No me cabe ninguna duda de que los siete jueces del Tribunal Supremo eran muy conscientes al terminar el juicio de la extraordinaria importancia de acordar un veredicto por unanimidad, sin fisuras interpretativas y votos particulares que dieran argumentos al separatismo. También de la necesidad de una condena que pudiera ser leída como ponderada y proporcional, que no agravara la situación sociopolítica en Cataluña. Y que fuera de España también fuera vista como moderada. Eso explica la apuesta por la sedición, un delito mucho menos controvertible que la rebelión desde el punto de vista de los hechos probados y que orilla la problemática cuestión de la violencia. Probablemente un sector mayoritario del tribunal, empezando por su presidente, Manuel Marchena, veía perfectamente atendibles los argumentos de la Fiscalía, pero ha preferido blindar una condena por sedición en base a las razones expuestas. Es cierto que las penas siguen siendo elevadas, aún cuando la malversación no ha sumado aparte en años de cárcel sino en concurso medial con la sedición. Finalmente, el tribunal tampoco ha puesto un veto a que los condenados puedan beneficiarse lo más pronto posible del tercer grado penitenciario. Ahí de nuevo ha habido un último esfuerzo del tribunal por ser benevolente.

Y sin embargo muchos en Cataluña, empezando por los políticos soberanistas y sus portavoces mediáticos, se niegan a reconocer esa apuesta de los jueces por acordar la mejor sentencia posible para los acusados atendiendo, claro está, a la gravedad de los hechos. Su reacción, el lenguaje y el tono que han empleado desde el lunes por la mañana, ha sido la misma que si la condena hubiera sido por rebelión. Con sus encendidas declaraciones e insistentes llamadas a la confrontación legitiman, lo pretendan o no, los graves disturbios de la pasada noche y las acciones violentas de grupos minoritarios.
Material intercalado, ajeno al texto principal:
(* In the setting described in the context, assume $\mathrm{gap}(U)>0$. Then for every $k\in\mathbb N$, \[ \mathrm{gap}(H^{(k)})\ge \mathrm{gap}(U)-\beta_k . \]
   Context: Let $K\subseteq\mathbb R^d$ be Borel and $\rho:K\to[0,\infty)$ measurable with $0<\int_K\rho\,\mathrm dx<\infty$; $\pi(A)=\int_A\rho\,\mathrm dx/\int_K\rho\,\mathrm dx$. For $t\ge0$, $K(t)=\{x\in K:\rho(x)\ge t\}$, assume $0<\mathrm{vol}_d(K(t))<\infty$ for $t\in(0,\|\rho\|_\infty)$, and $U_t$ is the uniform distribution on $K(t)$. For each $t$, $H_t$ is a Markov kernel on $K(t)$ (extended by $0$ outside $K(t)$, measurable in $(t,x)$), reversible with respect to $U_t$. $L_{2,\pi}=L_2(K,\pi)$, $L_{2,t}=L_2(K(t),U_t)$; $H_t$ acts on $L_{2,t}$ by $H_tf(x)=\int f(y)H_t(x,\mathrm dy)$ and $U_t$ acts by $f\mapsto U_t(f)=\int f\,\mathrm dU_t$. For $k\in\mathbb N$ let $H^{(k)}f(x)=\frac1{\rho(x)}\int_0^{\rho(x)}H_t^kf(x)\,\mathrm dt$ and $Uf(x)=\frac1{\rho(x)}\int_0^{\rho(x)}U_t(f)\,\mathrm dt$ (simple slice sampler). $S(f)=\int_Kf\,\mathrm d\pi$ as an operator onto constants, and for an operator $P$ on $L_{2,\pi}$, $\mathrm{gap}(P)=1-\|P-S\|_{L_{2,\pi}\to L_{2,\pi}}$. Finally $\beta_k=\sup_{x\in K}\big(\int_0^{\rho(x)}\|H_t^k-U_t\|^2_{L_{2,t}\to L_{2,t}}\,\mathrm dt/\rho(x)\big)^{1/2}$. *)

theory Defs
  imports "HOL-Probability.Probability"
begin

definition L2fun :: "'a measure \<Rightarrow> ('a \<Rightarrow> real) \<Rightarrow> bool" where
  "L2fun M f \<longleftrightarrow> f \<in> borel_measurable M \<and> (\<integral>\<^sup>+x. ennreal ((f x)\<^sup>2) \<partial>M) < \<infinity>"

definition op_norm_L2 :: "'a measure \<Rightarrow> (('a \<Rightarrow> real) \<Rightarrow> ('a \<Rightarrow> real)) \<Rightarrow> real" where
  "op_norm_L2 M P = Inf {c. 0 \<le> c \<and> (\<forall>f. L2fun M f \<longrightarrow>
      (\<integral>\<^sup>+x. ennreal ((P f x)\<^sup>2) \<partial>M) \<le> ennreal (c\<^sup>2) * (\<integral>\<^sup>+x. ennreal ((f x)\<^sup>2) \<partial>M))}"

definition level_set :: "'a set \<Rightarrow> ('a \<Rightarrow> real) \<Rightarrow> real \<Rightarrow> 'a set" where
  "level_set K \<rho> t = {x \<in> K. t \<le> \<rho> x}"

definition unif_level :: "'a::euclidean_space set \<Rightarrow> ('a \<Rightarrow> real) \<Rightarrow> real \<Rightarrow> 'a measure" where
  "unif_level K \<rho> t = uniform_measure lborel (level_set K \<rho> t)"

definition target :: "'a::euclidean_space set \<Rightarrow> ('a \<Rightarrow> real) \<Rightarrow> 'a measure" where
  "target K \<rho> = density lborel
     (\<lambda>x. ennreal (indicator K x * \<rho> x / (\<integral>y. indicator K y * \<rho> y \<partial>lborel)))"

definition kernel_op :: "('a \<Rightarrow> 'a measure) \<Rightarrow> ('a \<Rightarrow> real) \<Rightarrow> 'a \<Rightarrow> real" where
  "kernel_op P f x = (\<integral>y. f y \<partial>(P x))"

definition kernel_pow :: "(real \<Rightarrow> 'a \<Rightarrow> 'a measure) \<Rightarrow> real \<Rightarrow> nat \<Rightarrow> ('a \<Rightarrow> real) \<Rightarrow> 'a \<Rightarrow> real" where
  "kernel_pow H t k = kernel_op (H t) ^^ k"

definition hybrid_op :: "('a \<Rightarrow> real) \<Rightarrow> (real \<Rightarrow> 'a \<Rightarrow> 'a measure) \<Rightarrow> nat \<Rightarrow> ('a \<Rightarrow> real) \<Rightarrow> 'a \<Rightarrow> real" where
  "hybrid_op \<rho> H k f x = (1 / \<rho> x) * set_lebesgue_integral lborel {0..\<rho> x} (\<lambda>t. kernel_pow H t k f x)"

definition slice_op :: "'a::euclidean_space set \<Rightarrow> ('a \<Rightarrow> real) \<Rightarrow> ('a \<Rightarrow> real) \<Rightarrow> 'a \<Rightarrow> real" where
  "slice_op K \<rho> f x = (1 / \<rho> x) * set_lebesgue_integral lborel {0..\<rho> x} (\<lambda>t. \<integral>y. f y \<partial>(unif_level K \<rho> t))"

definition gap :: "'a measure \<Rightarrow> (('a \<Rightarrow> real) \<Rightarrow> ('a \<Rightarrow> real)) \<Rightarrow> real" where
  "gap M P = 1 - op_norm_L2 M (\<lambda>f x. P f x - (\<integral>y. f y \<partial>M))"

definition beta :: "'a::euclidean_space set \<Rightarrow> ('a \<Rightarrow> real) \<Rightarrow> (real \<Rightarrow> 'a \<Rightarrow> 'a measure) \<Rightarrow> nat \<Rightarrow> real" where
  "beta K \<rho> H k = Sup ((\<lambda>x. sqrt (enn2real (\<integral>\<^sup>+t\<in>{0..\<rho> x}.
       ennreal ((op_norm_L2 (unif_level K \<rho> t)
          (\<lambda>f y. kernel_pow H t k f y - (\<integral>z. f z \<partial>(unif_level K \<rho> t))))\<^sup>2) \<partial>lborel) / \<rho> x)) ` K)"

end

theory Submission
  imports Defs
begin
Seguramente les daba igual el tipo penal. O tal vez hubieran preferido unas penas mayores para aumentar así la protesta y reforzar el secuestro emocional de sus votantes. Lo más llamativo es que el cadáver del procés ha logrado un nuevo hito de la estupidez con unos políticos independentistas que otra vez tiran la piedra y esconden la mano. El lunes vimos cómo unos miles de manifestantes intentaron tomar el aeropuerto de Barcelona porque así se lo habían pedido tanto desde el llamado Tsunami Democràtic, detrás del cual se esconde el Govern, como desde los partidos independentistas, aunque ninguno de esos políticos que hicieron tuits llamando a ir a la T1, como el portavoz republicano Sergi Sabrià, estuvieron allí junto a los manifestantes. Lo que sí vimos fue a la policía autonómica cargar duramente contra esos concentrados, a los que horas después se le invitó por Telegram a irse a casa a dormir porque la acción ya había sido un “éxito”, como si hubieran superado la prueba de una yincana. Y finalmente leímos el tuit de Quim Torra dándoles las gracias por hacer oír su voz, pero sin decirles nada sobre los porrazos que habían recibido de los Mossos.

El engaño es aún más cruel que el que hubo en octubre del 2017. Si entonces fue una tragedia, ahora es una farsa descarada. La de unos políticos que excitan la desobediencia ciudadana, con el señuelo de que el mundo volverá a mirar lo que pasa en Cataluña, cuando la realidad es que nadie importante fuera de España les hace caso. Tampoco los cónsules, que ayer no se quisieron reunir con el consejero de Exteriores, Alfred Bosch. Unos dirigentes que no quieren asumir ningún liderazgo en la protesta, ni tampoco correr el riesgo de perder sus fabulosos sueldos con desobediencias institucionales. Y unos ciudadanos que, pese a sentirse contrariados y engañados, les siguen perdonando todo a esos políticos cobardes y mentirosos porque en el fondo desean seguir secuestrados emocionalmente. Estamos en un bucle infinito. Los poderosos altavoces del separatismo esconden cada día esa realidad, alimentando un estado de excitación con protestas sin estrategia y absurdas yincanas que no conducen a ningún sitio, mientras los dirigentes de ERC y JxCat vuelven a tirar la piedra y esconder la mano.